Source: Blackwell Publishing Journal Backfiles 1879-2005

Topics: Biology

Notes: An endophytic streptomycete (NRRL 30566) is described and partially characterized from a fern-leaved grevillea (Grevillea pteridifolia) tree growing in the Northern Territory of Australia. This endophytic streptomycete produces, in culture, novel antibiotics – the kakadumycins. Methods are outlined for the production and chemical characterization of kakadumycin A and related compounds. This antibiotic is structurally related to a quinoxaline antibiotic, echinomycin. Each contains, by virtue of their amino acid compositions, alanine, serine and an unknown amino acid. Other biological, spectral and chromatographic differences between these two compounds occur and are given.

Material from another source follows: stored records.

(* Let $X$ be a complete CAT(0) space and $T_n:X\to X$ for $n\in\mathbb{N}$, with $F:=\bigcap_{n\in\mathbb{N}}Fix(T_n)\neq\emptyset$. Let $\varphi:[0,\infty)\to[0,\infty)$ be an increasing function vanishing only at $0$, and $(\gamma_n)$ a sequence in $(0,\infty)$ with $\sum_{n=0}^\infty\gamma_n^2=\infty$ having rate of divergence $\theta$. Let $b\in\mathbb{N}$, $p\in F$, and $C$ the closed ball of center $p$ and radius $b$. Assume that for all $n$, $T_n$ is uniformly $(P_2)$ on $C$ with modulus $\gamma_n\varphi$. For $x\in C$ let $x_0:=x$, $x_{n+1}:=T_nx_n$, and suppose the sequence $\left(\frac{d(x_n,x_{n+1})}{\gamma_n}\right)$ is nonincreasing. Then $C\cap F=\{p\}$ and $(x_n)$ converges strongly to $p$ with rate of convergence $$\Psi_{b,\theta,\varphi}(k):=\Sigma_{b,\theta}\left(\left\lceil\frac{2b}{\varphi\left(\frac1{k+1}\right)}\right\rceil\right)+1,\qquad \Sigma_{b,\theta}(k):=\theta(b^2(k+1)^2).$$
   Context: A geodesic space $(X,d)$ is CAT(0) if for all $z\in X$, all geodesics $\gamma:[a,b]\to X$ and all $t\in[0,1]$, $d^2(z,\gamma((1-t)a+tb))\le(1-t)d^2(z,\gamma(a))+td^2(z,\gamma(b))-t(1-t)d^2(\gamma(a),\gamma(b))$. $T$ is uniformly $(P_2)$ on $C$ with modulus $\phi$ if $T(C)\subseteq C$ and for all $x,y\in C$: $2d^2(Tx,Ty)\le d^2(x,Ty)+d^2(y,Tx)-d^2(x,Tx)-d^2(y,Ty)-2\phi(d(Tx,Ty))$. A rate of divergence for $\sum\gamma_n^2=\infty$ is $\theta:\mathbb{N}\to\mathbb{N}$ with $\sum_{n=0}^{\theta(K)}\gamma_n^2\ge K$ for all $K\in\mathbb{N}$. A rate of convergence of $a_n\to a$ is $\Phi:\mathbb{N}\to\mathbb{N}$ with $d(a_n,a)\le\frac1{k+1}$ for all $k$ and all $n\ge\Phi(k)$. $Fix(T)$ is the fixed point set. *)

theory Defs
  imports "HOL-Analysis.Analysis"
begin

definition geodesic_on :: "(real \<Rightarrow> 'a::metric_space) \<Rightarrow> real \<Rightarrow> real \<Rightarrow> bool" where
  "geodesic_on g a b \<longleftrightarrow> a \<le> b \<and>
     (\<forall>s\<in>{a..b}. \<forall>t\<in>{a..b}. dist (g s) (g t) = \<bar>s - t\<bar>)"

definition geodesic_space :: "'a::metric_space itself \<Rightarrow> bool" where
  "geodesic_space _ \<longleftrightarrow> (\<forall>x y::'a. \<exists>g. geodesic_on g 0 (dist x y) \<and> g 0 = x \<and> g (dist x y) = y)"

definition CAT0 :: "'a::metric_space itself \<Rightarrow> bool" where
  "CAT0 X \<longleftrightarrow> geodesic_space X \<and>
     (\<forall>(z::'a) g a b (t::real). geodesic_on g a b \<and> 0 \<le> t \<and> t \<le> 1 \<longrightarrow>
        (dist z (g ((1 - t) * a + t * b)))\<^sup>2 \<le>
          (1 - t) * (dist z (g a))\<^sup>2 + t * (dist z (g b))\<^sup>2 - t * (1 - t) * (dist (g a) (g b))\<^sup>2)"

definition Fix :: "('a \<Rightarrow> 'a) \<Rightarrow> 'a set" where
  "Fix T = {x. T x = x}"

definition uniformly_P2 :: "('a::metric_space \<Rightarrow> 'a) \<Rightarrow> 'a set \<Rightarrow> (real \<Rightarrow> real) \<Rightarrow> bool" where
  "uniformly_P2 T C \<phi> \<longleftrightarrow> T ` C \<subseteq> C \<and>
     (\<forall>x\<in>C. \<forall>y\<in>C. 2 * (dist (T x) (T y))\<^sup>2 \<le>
        (dist x (T y))\<^sup>2 + (dist y (T x))\<^sup>2 - (dist x (T x))\<^sup>2 - (dist y (T y))\<^sup>2
        - 2 * \<phi> (dist (T x) (T y)))"

definition rate_of_divergence_sq :: "(nat \<Rightarrow> real) \<Rightarrow> (nat \<Rightarrow> nat) \<Rightarrow> bool" where
  "rate_of_divergence_sq \<gamma> \<theta> \<longleftrightarrow> (\<forall>K. (\<Sum>n\<le>\<theta> K. (\<gamma> n)\<^sup>2) \<ge> real K)"

definition Sigma_bt :: "nat \<Rightarrow> (nat \<Rightarrow> nat) \<Rightarrow> nat \<Rightarrow> nat" where
  "Sigma_bt b \<theta> k = \<theta> (b\<^sup>2 * (k + 1)\<^sup>2)"

definition Psi :: "nat \<Rightarrow> (nat \<Rightarrow> nat) \<Rightarrow> (real \<Rightarrow> real) \<Rightarrow> nat \<Rightarrow> nat" where
  "Psi b \<theta> \<phi> k = Sigma_bt b \<theta> (nat \<lceil>2 * real b / \<phi> (1 / (real k + 1))\<rceil>) + 1"

end

theory Submission
  imports Defs
begin

text \<open>Putting the fixed point p into the (P2) inequality shows that each step of the orbit
  decreases the squared distance to p by the squared step length plus the modulus term.
  Hence the squared step lengths have sum at most b^2. Since the ratios of step length to
  gamma(n) decrease, the divergence rate \<theta> forces the ratio at N = \<theta>(b^2 (M+1)^2) below
  1/(b(M+1)), where M = ceiling(2b / \<phi>(1/(k+1))). The modulus term then gives
  \<phi>(d(x(N+1), p)) \<le> b * ratio < \<phi>(1/(k+1)), and monotonicity of \<phi> and of the distances
  to p yields the rate.\<close>

lemma uniformly_P2_dist_fixed_point:
  assumes "uniformly_P2 T C \<psi>" "p \<in> C" "T p = p" "y \<in> C"
  shows "(dist (T y) p)\<^sup>2 \<le> (dist y p)\<^sup>2 - (dist y (T y))\<^sup>2 - 2 * \<psi> (dist (T y) p)"
proof -
  have "2 * (dist (T y) (T p))\<^sup>2 \<le> (dist y (T p))\<^sup>2 + (dist p (T y))\<^sup>2
      - (dist y (T y))\<^sup>2 - (dist p (T p))\<^sup>2 - 2 * \<psi> (dist (T y) (T p))"
    using assms(1,2,4) unfolding uniformly_P2_def by blast
  then show ?thesis by (simp add: assms(3) dist_commute)
qed

lemma uniformly_P2_fixed_point_unique:
  assumes "uniformly_P2 T C \<psi>" "p \<in> C" "T p = p" "q \<in> C" "T q = q"
    and "\<forall>t\<ge>0. \<psi> t = 0 \<longleftrightarrow> t = 0" "\<forall>t\<ge>0. \<psi> t \<ge> 0"
  shows "q = p"
proof -
  have "\<psi> (dist q p) \<le> 0"
    using uniformly_P2_dist_fixed_point[OF assms(1-4)] assms(5) by simp
  then show ?thesis using assms(6,7) by (metis order_antisym zero_le_dist dist_eq_0_iff)
qed

lemma sum_sq_ge_of_decseq_ratio:
  fixes s \<gamma> :: "nat \<Rightarrow> real"
  assumes "decseq (\<lambda>n. s n / \<gamma> n)" "\<And>n. \<gamma> n > 0" "\<And>n. s n \<ge> 0"
  shows "(s N / \<gamma> N)\<^sup>2 * (\<Sum>i\<le>N. (\<gamma> i)\<^sup>2) \<le> (\<Sum>i\<le>N. (s i)\<^sup>2)"
proof -
  have "(s N / \<gamma> N)\<^sup>2 * (\<gamma> i)\<^sup>2 \<le> (s i)\<^sup>2" if "i \<le> N" for i
  proof -
    have "s N / \<gamma> N \<le> s i / \<gamma> i" using assms(1) that by (simp add: decseq_def)
    then have "(s N / \<gamma> N)\<^sup>2 \<le> (s i / \<gamma> i)\<^sup>2"
      using assms(2,3) by (intro power_mono) (auto intro: divide_nonneg_pos)
    then have "(s N / \<gamma> N)\<^sup>2 * (\<gamma> i)\<^sup>2 \<le> (s i / \<gamma> i)\<^sup>2 * (\<gamma> i)\<^sup>2"
      by (rule mult_right_mono) simp
    then show ?thesis using assms(2)[of i] by (simp add: power_divide)
  qed
  then show ?thesis by (auto simp: sum_distrib_left intro: sum_mono)
qed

Kakadumycin A has wide spectrum antibiotic activity, especially against Gram-positive bacteria, and it generally displays better bioactivity than echinomycin. For instance, against Bacillus anthracis strains, kakadumycin A has minimum inhibitory concentrations of 0.2–0.3 μg ml−1 in contrast to echinomycin at 1.0–1.2 μg ml−1. Both echinomycin and kakadumycin A have impressive activity against the malarial parasite Plasmodium falciparum with LD50s in the range of 7–10 ng ml−1. In macromolecular synthesis assays both kakadumycin A and echinomycin have similar effects on the inhibition of RNA synthesis. It appears that the endophytic Streptomyces sp. offer some promise for the discovery of novel antibiotics with pharmacological potential.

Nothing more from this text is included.